Each entry needs to be copied exactly, with nothing left out.

(Source data)

lemma two_edges_within_cnbhd:
  fixes X D :: "'a::ab_group_add set"
  assumes "finite X" and X: "\<forall>s\<in>X. - s \<in> X" "0 \<notin> X" and D: "\<forall>s\<in>D. - s \<in> D" "0 \<notin> D"
  shows "2 * edges_within (cay_edges D) (cnbhd (cay_edges X) v) = diff_count X X D + 2 * card (X \<inter> D)"
proof -
  have "2 * edges_within (cay_edges D) (cnbhd (cay_edges X) v)
      = diff_count ((+) v ` insert 0 X) ((+) v ` insert 0 X) D"
    unfolding cnbhd_cay_edges[OF X(1)]
    using assms by (intro two_edges_within_cay_edges) auto
  also have "\<dots> = diff_count X X D + 2 * card (X \<inter> D)"
    unfolding diff_count_translate by (rule diff_count_insert_0[OF assms(1) X(2) D])
  finally show ?thesis .
qed

lemma edges_within_cnbhd_Un_diff_count:
  fixes B R D :: "'a::ab_group_add set"
  assumes "finite B" "finite R" "B \<inter> R = {}"
    and B: "\<forall>s\<in>B. - s \<in> B" "0 \<notin> B" and R: "\<forall>s\<in>R. - s \<in> R" "0 \<notin> R"
    and D: "\<forall>s\<in>D. - s \<in> D" "0 \<notin> D"
  shows "edges_within (cay_edges D) (cnbhd (cay_edges (B \<union> R)) v)
    = edges_within (cay_edges D) (cnbhd (cay_edges B) v)
      + edges_within (cay_edges D) (cnbhd (cay_edges R) v) + diff_count B R D"
proof -
  have BR: "\<forall>s\<in>B \<union> R. - s \<in> B \<union> R" "0 \<notin> B \<union> R"
    using B R by auto
  have "diff_count (B \<union> R) (B \<union> R) D
      = diff_count B B D + diff_count R R D + diff_count B R D + diff_count R B D"
    using assms by (simp add: diff_count_Un_left diff_count_Un_right)
  moreover have "diff_count R B D = diff_count B R D"
    using diff_count_commute[OF D(1)] .
  moreover have "card ((B \<union> R) \<inter> D) = card (B \<inter> D) + card (R \<inter> D)"
    unfolding Int_Un_distrib2 using assms by (intro card_Un_disjoint) auto
  ultimately have "2 * edges_within (cay_edges D) (cnbhd (cay_edges (B \<union> R)) v)
      = 2 * edges_within (cay_edges D) (cnbhd (cay_edges B) v)
        + 2 * edges_within (cay_edges D) (cnbhd (cay_edges R) v) + 2 * diff_count B R D"
    using assms BR by (simp add: two_edges_within_cnbhd)
  then show ?thesis
    by simp
qed

lemma diff_count_cross_eq_edges_within:
  fixes X Y :: "'a::ab_group_add set"
  assumes "finite X" "X \<inter> Y = {}"
    and X: "\<forall>s\<in>X. - s \<in> X" "0 \<notin> X" and Y: "\<forall>s\<in>Y. - s \<in> Y" "0 \<notin> Y"
  shows "diff_count X Y X = 2 * edges_within (cay_edges Y) (cnbhd (cay_edges X) v)"
proof -
  have "diff_count X Y X = diff_count Y X X"
    using diff_count_commute[OF X(1)] .
  also have "\<dots> = diff_count X X Y"
    by (rule diff_count_rotate)
  also have "\<dots> = 2 * edges_within (cay_edges Y) (cnbhd (cay_edges X) v)"
    using two_edges_within_cnbhd[OF \<open>finite X\<close> X Y] \<open>X \<inter> Y = {}\<close> by simp
  finally show ?thesis .
qed

lemma edges_within_cnbhd_Un:
  fixes B R :: "'a::ab_group_add set"
  assumes "finite B" "finite R" "B \<inter> R = {}"
    and "\<forall>s\<in>B. - s \<in> B" "0 \<notin> B" and "\<forall>s\<in>R. - s \<in> R" "0 \<notin> R"
  shows "edges_within (cay_edges B) (cnbhd (cay_edges (B \<union> R)) v)
    = edges_within (cay_edges B) (cnbhd (cay_edges B) v)
      + edges_within (cay_edges B) (cnbhd (cay_edges R) v)
      + 2 * edges_within (cay_edges R) (cnbhd (cay_edges B) v)"
  using edges_within_cnbhd_Un_diff_count[OF assms assms(4,5)]
    diff_count_cross_eq_edges_within[OF assms(1,3-7)] by simp

lemma edges_within_cnbhd_eq_0:
  fixes B R :: "'a::ab_group_add set"
  assumes "{r + b | r b. r \<in> R \<and> b \<in> B} \<inter> R = {}"
    and "finite R" "B \<inter> R = {}"
    and "\<forall>s\<in>B. - s \<in> B" "0 \<notin> B" and "\<forall>s\<in>R. - s \<in> R" "0 \<notin> R"
  shows "edges_within (cay_edges B) (cnbhd (cay_edges R) v) = 0"
  using two_edges_within_cnbhd[OF assms(2,6,7,4,5), of v] diff_count_eq_0[OF assms(1)] assms(3)
  by (simp add: Int_commute)

theorem proposition2p3:
  fixes B R :: "'a::{ab_group_add, finite} set" and v :: 'a
  assumes disj: "B \<inter> R = {}"
    and Binv: "\<forall>s\<in>B. - s \<in> B" and Rinv: "\<forall>s\<in>R. - s \<in> R"
    and B0: "0 \<notin> B" and R0: "0 \<notin> R"
  shows "(cdeg (cay_edges (B \<union> R)) (union_col B) 1 v = gdeg (cay_edges B) v
      \<and> cdeg (cay_edges (B \<union> R)) (union_col B) 2 v = gdeg (cay_edges R) v)
    \<and> int (ecount_at (cay_edges (B \<union> R)) (union_col B) 1 v)
           - int (ecount_at (cay_edges (B \<union> R)) (union_col B) 2 v)
         = (int (ecount_at (cay_edges B) (\<lambda>_. 1) 1 v) - int (ecount_at (cay_edges R) (\<lambda>_. 2) 2 v))
           + (int (ecount (cay_edges R) (\<lambda>_. 2) 2 (cnbhd (cay_edges B) v))
              - int (ecount (cay_edges B) (\<lambda>_. 1) 1 (cnbhd (cay_edges R) v)))
    \<and> ({r + b | r b. r \<in> R \<and> b \<in> B} \<inter> R = {} \<longrightarrow>
         ecount_at (cay_edges B) (\<lambda>_. 1) 1 v > ecount_at (cay_edges R) (\<lambda>_. 2) 2 v \<longrightarrow>
         ecount_at (cay_edges (B \<union> R)) (union_col B) 1 v > ecount_at (cay_edges (B \<union> R)) (union_col B) 2 v)"
proof -
  have disj': "R \<inter> B = {}"
    using disj by blast
  have B_split: "edges_within (cay_edges B) (cnbhd (cay_edges (B \<union> R)) v)
    = edges_within (cay_edges B) (cnbhd (cay_edges B) v)
      + edges_within (cay_edges B) (cnbhd (cay_edges R) v)
      + 2 * edges_within (cay_edges R) (cnbhd (cay_edges B) v)"
    using edges_within_cnbhd_Un[OF _ _ disj Binv B0 Rinv R0] by simp
  have R_split: "edges_within (cay_edges R) (cnbhd (cay_edges (B \<union> R)) v)
    = edges_within (cay_edges R) (cnbhd (cay_edges R) v)
      + edges_within (cay_edges R) (cnbhd (cay_edges B) v)
      + 2 * edges_within (cay_edges B) (cnbhd (cay_edges R) v)"
    using edges_within_cnbhd_Un[OF _ _ disj' Rinv R0 Binv B0] by (simp add: Un_commute)
  have sumset_free: "edges_within (cay_edges B) (cnbhd (cay_edges R) v) = 0"
    if "{r + b | r b. r \<in> R \<and> b \<in> B} \<inter> R = {}"
    using edges_within_cnbhd_eq_0[OF that _ disj Binv B0 Rinv R0] by simp
  show ?thesis
    unfolding cdeg_eq_gdeg ecount_at_def ecount_eq_edges_within
      union_col_class_1 union_col_class_2[OF disj Rinv]
    using B_split R_split sumset_free by auto
qed

end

(End Source data)

Task response:
lemma two_edges_within_cnbhd:
  fixes X D :: "'a::ab_group_add set"
  assumes "finite X" and X: "\<forall>s\<in>X. - s \<in> X" "0 \<notin> X" and D: "\<forall>s\<in>D. - s \<in> D" "0 \<notin> D"
  shows "2 * edges_within (cay_edges D) (cnbhd (cay_edges X) v) = diff_count X X D + 2 * card (X \<inter> D)"
proof -
  have "2 * edges_within (cay_edges D) (cnbhd (cay_edges X) v)
      = diff_count ((+) v ` insert 0 X) ((+) v ` insert 0 X) D"
    unfolding cnbhd_cay_edges[OF X(1)]
    using assms by (intro two_edges_within_cay_edges) auto
  also have "\<dots> = diff_count X X D + 2 * card (X \<inter> D)"
    unfolding diff_count_translate by (rule diff_count_insert_0[OF assms(1) X(2) D])
  finally show ?thesis .
qed

lemma edges_within_cnbhd_Un_diff_count:
  fixes B R D :: "'a::ab_group_add set"
  assumes "finite B" "finite R" "B \<inter> R = {}"
    and B: "\<forall>s\<in>B. - s \<in> B" "0 \<notin> B" and R: "\<forall>s\<in>R. - s \<in> R" "0 \<notin> R"
    and D: "\<forall>s\<in>D. - s \<in> D" "0 \<notin> D"
  shows "edges_within (cay_edges D) (cnbhd (cay_edges (B \<union> R)) v)
    = edges_within (cay_edges D) (cnbhd (cay_edges B) v)
      + edges_within (cay_edges D) (cnbhd (cay_edges R) v) + diff_count B R D"
proof -
  have BR: "\<forall>s\<in>B \<union> R. - s \<in> B \<union> R" "0 \<notin> B \<union> R"
    using B R by auto
  have "diff_count (B \<union> R) (B \<union> R) D
      = diff_count B B D + diff_count R R D + diff_count B R D + diff_count R B D"
    using assms by (simp add: diff_count_Un_left diff_count_Un_right)
  moreover have "diff_count R B D = diff_count B R D"
    using diff_count_commute[OF D(1)] .
  moreover have "card ((B \<union> R) \<inter> D) = card (B \<inter> D) + card (R \<inter> D)"
    unfolding Int_Un_distrib2 using assms by (intro card_Un_disjoint) auto
  ultimately have "2 * edges_within (cay_edges D) (cnbhd (cay_edges (B \<union> R)) v)
      = 2 * edges_within (cay_edges D) (cnbhd (cay_edges B) v)
        + 2 * edges_within (cay_edges D) (cnbhd (cay_edges R) v) + 2 * diff_count B R D"
    using assms BR by (simp add: two_edges_within_cnbhd)
  then show ?thesis
    by simp
qed

lemma diff_count_cross_eq_edges_within:
  fixes X Y :: "'a::ab_group_add set"
  assumes "finite X" "X \<inter> Y = {}"
    and X: "\<forall>s\<in>X. - s \<in> X" "0 \<notin> X" and Y: "\<forall>s\<in>Y. - s \<in> Y" "0 \<notin> Y"
  shows "diff_count X Y X = 2 * edges_within (cay_edges Y) (cnbhd (cay_edges X) v)"
proof -
  have "diff_count X Y X = diff_count Y X X"
    using diff_count_commute[OF X(1)] .
  also have "\<dots> = diff_count X X Y"
    by (rule diff_count_rotate)
  also have "\<dots> = 2 * edges_within (cay_edges Y) (cnbhd (cay_edges X) v)"
    using two_edges_within_cnbhd[OF \<open>finite X\<close> X Y] \<open>X \<inter> Y = {}\<close> by simp
  finally show ?thesis .
qed

lemma edges_within_cnbhd_Un:
  fixes B R :: "'a::ab_group_add set"
  assumes "finite B" "finite R" "B \<inter> R = {}"
    and "\<forall>s\<in>B. - s \<in> B" "0 \<notin> B" and "\<forall>s\<in>R. - s \<in> R" "0 \<notin> R"
  shows "edges_within (cay_edges B) (cnbhd (cay_edges (B \<union> R)) v)
    = edges_within (cay_edges B) (cnbhd (cay_edges B) v)
      + edges_within (cay_edges B) (cnbhd (cay_edges R) v)
      + 2 * edges_within (cay_edges R) (cnbhd (cay_edges B) v)"
  using edges_within_cnbhd_Un_diff_count[OF assms assms(4,5)]
    diff_count_cross_eq_edges_within[OF assms(1,3-7)] by simp

lemma edges_within_cnbhd_eq_0:
  fixes B R :: "'a::ab_group_add set"
  assumes "{r + b | r b. r \<in> R \<and> b \<in> B} \<inter> R = {}"
    and "finite R" "B \<inter> R = {}"
    and "\<forall>s\<in>B. - s \<in> B" "0 \<notin> B" and "\<forall>s\<in>R. - s \<in> R" "0 \<notin> R"
  shows "edges_within (cay_edges B) (cnbhd (cay_edges R) v) = 0"
  using two_edges_within_cnbhd[OF assms(2,6,7,4,5), of v] diff_count_eq_0[OF assms(1)] assms(3)
  by (simp add: Int_commute)

theorem proposition2p3:
  fixes B R :: "'a::{ab_group_add, finite} set" and v :: 'a
  assumes disj: "B \<inter> R = {}"
    and Binv: "\<forall>s\<in>B. - s \<in> B" and Rinv: "\<forall>s\<in>R. - s \<in> R"
    and B0: "0 \<notin> B" and R0: "0 \<notin> R"
  shows "(cdeg (cay_edges (B \<union> R)) (union_col B) 1 v = gdeg (cay_edges B) v
      \<and> cdeg (cay_edges (B \<union> R)) (union_col B) 2 v = gdeg (cay_edges R) v)
    \<and> int (ecount_at (cay_edges (B \<union> R)) (union_col B) 1 v)
           - int (ecount_at (cay_edges (B \<union> R)) (union_col B) 2 v)
         = (int (ecount_at (cay_edges B) (\<lambda>_. 1) 1 v) - int (ecount_at (cay_edges R) (\<lambda>_. 2) 2 v))
           + (int (ecount (cay_edges R) (\<lambda>_. 2) 2 (cnbhd (cay_edges B) v))
              - int (ecount (cay_edges B) (\<lambda>_. 1) 1 (cnbhd (cay_edges R) v)))
    \<and> ({r + b | r b. r \<in> R \<and> b \<in> B} \<inter> R = {} \<longrightarrow>
         ecount_at (cay_edges B) (\<lambda>_. 1) 1 v > ecount_at (cay_edges R) (\<lambda>_. 2) 2 v \<longrightarrow>
         ecount_at (cay_edges (B \<union> R)) (union_col B) 1 v > ecount_at (cay_edges (B \<union> R)) (union_col B) 2 v)"
proof -
  have disj': "R \<inter> B = {}"
    using disj by blast
  have B_split: "edges_within (cay_edges B) (cnbhd (cay_edges (B \<union> R)) v)
    = edges_within (cay_edges B) (cnbhd (cay_edges B) v)
      + edges_within (cay_edges B) (cnbhd (cay_edges R) v)
      + 2 * edges_within (cay_edges R) (cnbhd (cay_edges B) v)"
    using edges_within_cnbhd_Un[OF _ _ disj Binv B0 Rinv R0] by simp
  have R_split: "edges_within (cay_edges R) (cnbhd (cay_edges (B \<union> R)) v)
    = edges_within (cay_edges R) (cnbhd (cay_edges R) v)
      + edges_within (cay_edges R) (cnbhd (cay_edges B) v)
      + 2 * edges_within (cay_edges B) (cnbhd (cay_edges R) v)"
    using edges_within_cnbhd_Un[OF _ _ disj' Rinv R0 Binv B0] by (simp add: Un_commute)
  have sumset_free: "edges_within (cay_edges B) (cnbhd (cay_edges R) v) = 0"
    if "{r + b | r b. r \<in> R \<and> b \<in> B} \<inter> R = {}"
    using edges_within_cnbhd_eq_0[OF that _ disj Binv B0 Rinv R0] by simp
  show ?thesis
    unfolding cdeg_eq_gdeg ecount_at_def ecount_eq_edges_within
      union_col_class_1 union_col_class_2[OF disj Rinv]
    using B_split R_split sumset_free by auto
qed

end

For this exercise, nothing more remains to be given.